SUPPLIED RECORDS ::
== Segment start ==
lemma outer_if_extreme_point_SM_trace_1:
  assumes range_EM: "\<forall>X\<in>SM \<M>. X \<noteq> 0 \<longrightarrow> range (\<lambda>y. X *v y) \<inter> EM X \<M> \<noteq> {0}"
    and extreme: "X extreme_point_of (SM \<M> \<inter> {X. trace X = 1})"
  shows "X \<in> SM \<M> \<inter> {outer x | x. True}"
proof -
  have X: "X \<in> SM \<M>" "trace X = 1"
    using extreme by (simp_all add: extreme_point_of_def)
  then have "X \<noteq> 0"
    by (auto simp: trace_def)
  moreover have "0 \<in> range (\<lambda>y. X *v y) \<inter> EM X \<M>"
    using X(1) by (auto simp: EM_def SM_def intro: range_eqI[of _ _ 0])
  ultimately obtain y where x: "X *v y \<in> EM X \<M>" "X *v y \<noteq> 0"
    using range_EM X(1) by blast
  define x where "x = X *v y"
  define q where "q = x \<bullet> x"
  obtain e where "0 < e" and perturbed:
    "X + e *\<^sub>R (outer x - q *\<^sub>R X) \<in> SM \<M>" "X - e *\<^sub>R (outer x - q *\<^sub>R X) \<in> SM \<M>"
    using SM_rank_one_perturbation[OF X(1) x_def] x(1) by (auto simp: x_def q_def)
  have "trace (e *\<^sub>R (outer x - q *\<^sub>R X)) = 0"
    by (simp add: trace_scaleR trace_sub trace_outer X(2) q_def)
  then have "e *\<^sub>R (outer x - q *\<^sub>R X) = 0"
    using perturbed X(2) by (intro extreme_point_plus_minus_eq_0[OF extreme]) (simp_all add: trace_add trace_sub)
  then have "outer x = q *\<^sub>R X"
    using \<open>0 < e\<close> by simp
  moreover have "0 < q"
    using x(2) by (simp add: q_def x_def)
  ultimately have "X = outer ((1 / sqrt q) *\<^sub>R x)"
    by (simp add: outer_scaleR power_divide)
  then show ?thesis
    using X(1) by blast
qed

lemma conic_SM_Int_outer:
  fixes \<M> :: "(real^'n^'n) set"
  shows "conic (SM \<M> \<inter> {outer x | x. True})"
  unfolding conic_def
proof (clarsimp)
  fix x and c :: real
  assume "outer x \<in> SM \<M>" "0 \<le> c"
  moreover have "c *\<^sub>R outer x = outer (sqrt c *\<^sub>R x)"
    using \<open>0 \<le> c\<close> by (simp add: outer_scaleR)
  ultimately show "c *\<^sub>R outer x \<in> SM \<M> \<and> (\<exists>z. c *\<^sub>R outer x = outer z)"
    using SM_scaleR by metis
qed

lemma ROG_if_range_EM:
  assumes range_EM: "\<forall>X\<in>SM \<M>. X \<noteq> 0 \<longrightarrow> range (\<lambda>y. X *v y) \<inter> EM X \<M> \<noteq> {0}"
  shows "ROG (SM \<M>)"
proof -
  let ?R = "SM \<M> \<inter> {outer x | x. True}"
  let ?B = "SM \<M> \<inter> {X. trace X = 1}"
  have "convex ?B"
    using convex_cone_SM[of \<M>] unfolding convex_cone_def
    by (intro convex_Int) (auto simp: convex_def trace_add trace_scaleR)
  then have "?B = convex hull {X. X extreme_point_of ?B}"
    by (intro Krein_Milman_Minkowski compact_SM_trace_1)
  also have "\<dots> \<subseteq> convex hull ?R"
    using outer_if_extreme_point_SM_trace_1[OF range_EM] by (intro hull_mono) blast
  finally have B: "?B \<subseteq> convex hull ?R" .
  have "X \<in> convex hull ?R" if X: "X \<in> SM \<M>" for X
  proof (cases "trace X = 0")
    case True
    then have "X \<in> ?R"
      using X by (auto simp: SM_def psd_trace_eq_0 intro: exI[of _ 0])
    then show ?thesis by (rule hull_inc)
  next
    case False
    moreover have "norm X \<le> trace X"
      using X by (simp add: SM_def psd_norm_le_trace)
    ultimately have "0 < trace X"
      using norm_ge_zero[of X] by linarith
    then have "(1 / trace X) *\<^sub>R X \<in> ?B"
      using X by (simp add: SM_scaleR trace_scaleR)
    then have "(1 / trace X) *\<^sub>R X \<in> convex hull ?R"
      using B by blast
    then have "trace X *\<^sub>R ((1 / trace X) *\<^sub>R X) \<in> convex hull ?R"
      using \<open>0 < trace X\<close> conic_convex_hull[OF conic_SM_Int_outer] by (metis conicD less_imp_le)
    then show ?thesis
      using \<open>0 < trace X\<close> by simp
  qed
  moreover have "convex hull ?R \<subseteq> SM \<M>"
    using convex_cone_SM[of \<M>] by (intro hull_minimal) (auto simp: convex_cone_def)
  ultimately show ?thesis
    unfolding ROG_def using closed_SM convex_cone_SM by (auto simp: SM_def)
qed

theorem lemma2p23:
  fixes \<M> :: "(real^'n^'n) set"
  assumes "\<forall>M\<in>\<M>. sym_mat M"
  shows "ROG (SM \<M>) \<longleftrightarrow>
    (\<forall>X\<in>SM \<M>. X \<noteq> 0 \<longrightarrow> range (\<lambda>y. X *v y) \<inter> EM X \<M> \<noteq> {0})"
  using range_EM_if_ROG ROG_if_range_EM by blast

end
(* For every finite simple graph $G$ there exists a (not necessarily connected) supergraceful graph $H$ containing a subgraph isomorphic to $G$.
   Context: For a graph $H$ with $p$ nodes and $q$ edges, a total labeling is a map $\varphi: V(H) \to \{1,\dots,p+q\}$ such that the $p$ node labels $\varphi(x)$ and the $q$ edge labels $|\varphi(x)-\varphi(y)|$, $xy \in E(H)$, are all pairwise distinct, together forming exactly $\{1,\dots,p+q\}$; $H$ is supergraceful if it admits a total labeling. *)

theory Defs
  imports Main
begin

definition simple_graph :: "'a set \<Rightarrow> 'a set set \<Rightarrow> bool" where
  "simple_graph V E \<longleftrightarrow> finite V \<and> (\<forall>e\<in>E. e \<subseteq> V \<and> card e = 2)"

text \<open>Label of a node (Inl v) is phi v; label of an edge (Inr {x,y}) is |phi x - phi y|,
  written as Max - Min of the image of the edge.\<close>
definition total_label :: "('a \<Rightarrow> int) \<Rightarrow> 'a + 'a set \<Rightarrow> int" where
  "total_label \<phi> z = (case z of Inl v \<Rightarrow> \<phi> v | Inr e \<Rightarrow> Max (\<phi> ` e) - Min (\<phi> ` e))"

definition total_labeling :: "'a set \<Rightarrow> 'a set set \<Rightarrow> ('a \<Rightarrow> int) \<Rightarrow> bool" where
  "total_labeling V E \<phi> \<longleftrightarrow>
     bij_betw (total_label \<phi>) (Inl ` V \<union> Inr ` E) {1 .. int (card V + card E)}"

definition supergraceful :: "'a set \<Rightarrow> 'a set set \<Rightarrow> bool" where
  "supergraceful V E \<longleftrightarrow> (\<exists>\<phi>. total_labeling V E \<phi>)"

definition contains_copy :: "'b set \<Rightarrow> 'b set set \<Rightarrow> 'a set \<Rightarrow> 'a set set \<Rightarrow> bool" where
  "contains_copy VH EH VG EG \<longleftrightarrow>
     (\<exists>f. inj_on f VG \<and> f ` VG \<subseteq> VH \<and> (\<forall>e\<in>EG. f ` e \<in> EH))"

end

theory Submission
  imports Defs
begin

text \<open>Every graph on \<open>n\<close> vertices is a subgraph of the complete graph \<open>K_n\<close>, so it suffices
  to make \<open>K_n\<close> supergraceful by adding isolated vertices. Put the vertices of \<open>K_n\<close> at
  \<open>3^0, ..., 3^(n-1)\<close> and label every node by its own name. An edge \<open>{3^i, 3^j}\<close> with \<open>i < j\<close>
  then gets the label \<open>3^j - 3^i\<close>, which lies strictly between \<open>3^(j-1)\<close> and \<open>3^j\<close>; hence the
  edge labels are pairwise distinct and differ from all node labels. Every number in
  \<open>{1..3^n}\<close> that is not an edge label is then added as an isolated node.\<close>

definition edge_length :: "nat set \<Rightarrow> nat" where
  "edge_length e = Max e - Min e"

lemma total_label_int_Inr:
  fixes e :: "nat set"
  assumes "finite e" "e \<noteq> {}"
  shows "total_label int (Inr e) = int (edge_length e)"
proof -
  have "Max (int ` e) = int (Max e)" "Min (int ` e) = int (Min e)"
    using mono_Max_commute[of int e] mono_Min_commute[of int e] assms by (simp_all add: mono_def)
  moreover have "Min e \<le> Max e" using assms by simp
  ultimately show ?thesis by (simp add: total_label_def edge_length_def)
qed

lemma total_labeling_int:
  fixes EH :: "nat set set" and M :: nat
  assumes edges: "\<forall>e\<in>EH. finite e \<and> e \<noteq> {}"
    and inj: "inj_on edge_length EH"
    and lengths: "edge_length ` EH \<subseteq> {1..M}"
  shows "total_labeling ({1..M} - edge_length ` EH) EH int"
proof -
  define VH where "VH = {1..M} - edge_length ` EH"
  have finite_EH: "finite EH"
    using inj lengths finite_imageD finite_subset by blast
  have nodes: "bij_betw (total_label int) (Inl ` VH) (int ` VH)"
    by (auto simp: bij_betw_def inj_on_def total_label_def image_image)
  have "bij_betw (int \<circ> edge_length) EH (int ` edge_length ` EH)"
    using inj by (auto simp: bij_betw_def inj_on_def image_image)
  then have "bij_betw (total_label int \<circ> Inr) EH (int ` edge_length ` EH)"
    by (rule bij_betw_cong[THEN iffD1, rotated]) (simp add: edges total_label_int_Inr)
  then have edge_labels: "bij_betw (total_label int) (Inr ` EH) (int ` edge_length ` EH)"
    by (simp add: bij_betw_def inj_on_def image_image)
  have "bij_betw (total_label int) (Inl ` VH \<union> Inr ` EH) (int ` VH \<union> int ` edge_length ` EH)"
    by (rule bij_betw_combine[OF nodes edge_labels]) (auto simp: VH_def)
  moreover have "int ` VH \<union> int ` edge_length ` EH = int ` {1..M}"
    using lengths by (auto simp: VH_def)
  moreover have "card VH + card EH = M"
    using card_Diff_subset[of "edge_length ` EH" "{1..M}"] card_image[OF inj]
      card_mono[OF _ lengths] finite_EH lengths by (simp add: VH_def)
  ultimately have "bij_betw (total_label int) (Inl ` VH \<union> Inr ` EH) {1..int (card VH + card EH)}"
    by (simp add: image_int_atLeastAtMost)
  then show ?thesis
    unfolding total_labeling_def VH_def .
qed

lemma power_diff_bounds:
  fixes b :: nat
  assumes "3 \<le> b" "i < j"
  shows "b ^ (j - 1) < b ^ j - b ^ i" "b ^ j - b ^ i < b ^ j"
proof -
  have "b ^ i \<le> b ^ (j - 1)" using assms by (intro power_increasing) auto
  moreover have "b ^ j = b * b ^ (j - 1)" using assms by (simp flip: power_Suc)
  moreover have "0 < b ^ i" using assms by simp
  ultimately show "b ^ (j - 1) < b ^ j - b ^ i" "b ^ j - b ^ i < b ^ j"
    using assms(1) mult_le_mono1[of 3 b "b ^ (j - 1)"] by linarith+
qed

lemma between_consecutive_powers_unique:
  fixes b x :: nat
  assumes "1 < b" "b ^ (j - 1) < x" "x < b ^ j" "b ^ (k - 1) < x" "x < b ^ k"
  shows "j = k"
proof (rule ccontr)
  have no_gap: False if "b ^ (m - 1) < x" "x < b ^ l" "l < m" for l m
  proof -
    have "b ^ l \<le> b ^ (m - 1)" using assms(1) that(3) by (intro power_increasing) auto
    then show False using that by linarith
  qed
  assume "j \<noteq> k"
  then consider "j < k" | "k < j" by linarith
  then show False
    by cases (use no_gap assms in blast)+
qed

lemma power_diff_inj:
  fixes b :: nat
  assumes "3 \<le> b" "i < j" "k < l" "b ^ j - b ^ i = b ^ l - b ^ k"
  shows "i = k" "j = l"
proof -
  show "j = l"
    using power_diff_bounds[OF assms(1,2)] power_diff_bounds[OF assms(1,3)] assms(1,4)
    by (intro between_consecutive_powers_unique[of b j "b ^ j - b ^ i" l]) simp_all
  moreover have "b ^ i < b ^ j" "b ^ k < b ^ l"
    using assms by (simp_all add: power_strict_increasing_iff)
  ultimately have "b ^ i = b ^ k" using assms(4) by (metis diff_diff_cancel less_imp_le)
  then show "i = k" using assms(1) by (simp add: power_inject_exp)
qed

lemma power_diff_not_power:
  fixes b :: nat
  assumes "3 \<le> b" "i < j"
  shows "b ^ j - b ^ i \<noteq> b ^ m"
proof
  assume eq: "b ^ j - b ^ i = b ^ m"
  have "1 < b" using assms by simp
  then have "j - 1 < m" "m < j"
    using power_diff_bounds[OF assms] eq by (simp_all add: power_strict_increasing_iff)
  then show False by linarith
qed

definition power_clique :: "nat \<Rightarrow> nat \<Rightarrow> nat set set" where
  "power_clique b n = {{b ^ i, b ^ j} | i j. i < j \<and> j < n}"

lemma power_clique_edge:
  assumes "1 < b" "e \<in> power_clique b n"
  shows "card e = 2" "e \<subseteq> {b ^ i | i. i < n}"
  using assms by (auto simp: power_clique_def)

lemma edge_length_power_pair:
  fixes b :: nat
  assumes "1 < b" "i < j"
  shows "edge_length {b ^ i, b ^ j} = b ^ j - b ^ i"
proof -
  have "b ^ i < b ^ j" using assms by (simp add: power_strict_increasing_iff)
  then show ?thesis by (simp add: edge_length_def max_def min_def)
qed

lemma edge_length_power_clique:
  fixes b :: nat
  assumes "1 < b" "e \<in> power_clique b n"
  obtains i j where "i < j" "j < n" "edge_length e = b ^ j - b ^ i"
  using assms edge_length_power_pair[of b] by (auto simp: power_clique_def)

lemma inj_on_edge_length_power_clique:
  fixes b :: nat
  assumes "3 \<le> b"
  shows "inj_on edge_length (power_clique b n)"
proof (rule inj_onI)
  fix e e' assume "e \<in> power_clique b n" "e' \<in> power_clique b n"
    and "edge_length e = edge_length e'"
  moreover have "1 < b" using assms by simp
  ultimately show "e = e'"
    using power_diff_inj[OF assms] edge_length_power_pair[of b]
    by (auto simp: power_clique_def)
qed

lemma edge_lengths_power_clique_bounded:
  fixes b :: nat
  assumes "3 \<le> b"
  shows "edge_length ` power_clique b n \<subseteq> {1..b ^ n}"
proof
  fix x assume "x \<in> edge_length ` power_clique b n"
  then obtain e where e: "e \<in> power_clique b n" "x = edge_length e" by blast
  have "1 < b" using assms by simp
  then obtain i j where ij: "i < j" "j < n" "x = b ^ j - b ^ i"
    using edge_length_power_clique e by metis
  have "b ^ j \<le> b ^ n" using assms ij by (intro power_increasing) auto
  then show "x \<in> {1..b ^ n}" using power_diff_bounds[OF assms ij(1)] ij by auto
qed

definition power_clique_nodes :: "nat \<Rightarrow> nat \<Rightarrow> nat set" where
  "power_clique_nodes b n = {1..b ^ n} - edge_length ` power_clique b n"

lemma powers_in_power_clique_nodes:
  fixes b :: nat
  assumes "3 \<le> b"
  shows "{b ^ i | i. i < n} \<subseteq> power_clique_nodes b n"
proof safe
  fix i assume "i < n"
  then have "b ^ i \<le> b ^ n" using assms by (intro power_increasing) auto
  moreover have "b ^ i \<noteq> edge_length e" if e: "e \<in> power_clique b n" for e
  proof -
    have "1 < b" using assms by simp
    then obtain i' j' where "i' < j'" "edge_length e = b ^ j' - b ^ i'"
      using edge_length_power_clique e by metis
    then show ?thesis using power_diff_not_power[OF assms] by metis
  qed
  ultimately show "b ^ i \<in> power_clique_nodes b n"
    using assms by (auto simp: power_clique_nodes_def)
qed

lemma simple_graph_power_clique:
  fixes b :: nat
  assumes "3 \<le> b"
  shows "simple_graph (power_clique_nodes b n) (power_clique b n)"
  unfolding simple_graph_def
proof (intro conjI ballI)
  show "finite (power_clique_nodes b n)"
    by (simp add: power_clique_nodes_def)
  fix e assume "e \<in> power_clique b n"
  then show "e \<subseteq> power_clique_nodes b n" "card e = 2"
    using power_clique_edge[of b e n] powers_in_power_clique_nodes[OF assms] assms by auto
qed

lemma total_labeling_power_clique:
  fixes b :: nat
  assumes "3 \<le> b"
  shows "total_labeling (power_clique_nodes b n) (power_clique b n) int"
  unfolding power_clique_nodes_def
proof (rule total_labeling_int)
  show "\<forall>e\<in>power_clique b n. finite e \<and> e \<noteq> {}"
    using assms by (auto simp: power_clique_def)
qed (use assms inj_on_edge_length_power_clique edge_lengths_power_clique_bounded in auto)

lemma simple_graph_embeds_in_power_clique:
  fixes b :: nat
  assumes "simple_graph V E" "1 < b"
  obtains f where "inj_on f V" "f ` V \<subseteq> {b ^ i | i. i < card V}"
    "\<forall>e\<in>E. f ` e \<in> power_clique b (card V)"
proof -
  have "finite V" and E: "\<forall>e\<in>E. e \<subseteq> V \<and> card e = 2"
    using assms(1) by (auto simp: simple_graph_def)
  then obtain g where g: "bij_betw g V {0..<card V}"
    using ex_bij_betw_finite_nat by blast
  define f where "f v = b ^ g v" for v
  have "inj_on f V"
    using g assms(2) by (auto simp: f_def bij_betw_def inj_on_def power_inject_exp)
  moreover have "g v < card V" if "v \<in> V" for v
    using g that by (auto simp: bij_betw_def)
  then have "f ` V \<subseteq> {b ^ i | i. i < card V}"
    by (auto simp: f_def)
  moreover have "f ` e \<in> power_clique b (card V)" if e: "e \<in> E" for e
  proof -
    obtain x y where xy: "e = {x, y}" "x \<noteq> y" "x \<in> V" "y \<in> V"
      using E e by (auto simp: card_2_iff)
    then have "g x \<noteq> g y" "g x < card V" "g y < card V"
      using g by (auto simp: bij_betw_def inj_on_def)
    then consider "g x < g y" "g y < card V" | "g y < g x" "g x < card V"
      by linarith
    then show ?thesis
      by cases (auto simp: power_clique_def f_def xy(1) insert_commute)
  qed
  ultimately show ?thesis using that by blast
qed

theorem theorem8p7:
  fixes V :: "'a set" and E :: "'a set set"
  assumes "simple_graph V E"
  shows "\<exists>(VH :: nat set) (EH :: nat set set).
           simple_graph VH EH \<and> supergraceful VH EH \<and> contains_copy VH EH V E"
proof -
  obtain f where "inj_on f V" "f ` V \<subseteq> {3 ^ i | i. i < card V}"
    "\<forall>e\<in>E. f ` e \<in> power_clique 3 (card V)"
    using simple_graph_embeds_in_power_clique[OF assms, of 3] by auto
  then have "contains_copy (power_clique_nodes 3 (card V)) (power_clique 3 (card V)) V E"
    using powers_in_power_clique_nodes[of 3 "card V"] unfolding contains_copy_def by blast
  moreover have "supergraceful (power_clique_nodes 3 (card V)) (power_clique 3 (card V))"
    using total_labeling_power_clique[of 3] unfolding supergraceful_def by auto
  ultimately show ?thesis
    using simple_graph_power_clique[of 3] by blast
qed

end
== Segment end ==
TASK TO CARRY OUT :: Report how many lines in the material above include "circ", and give no other words.

EXERCISE OUTPUT :: 2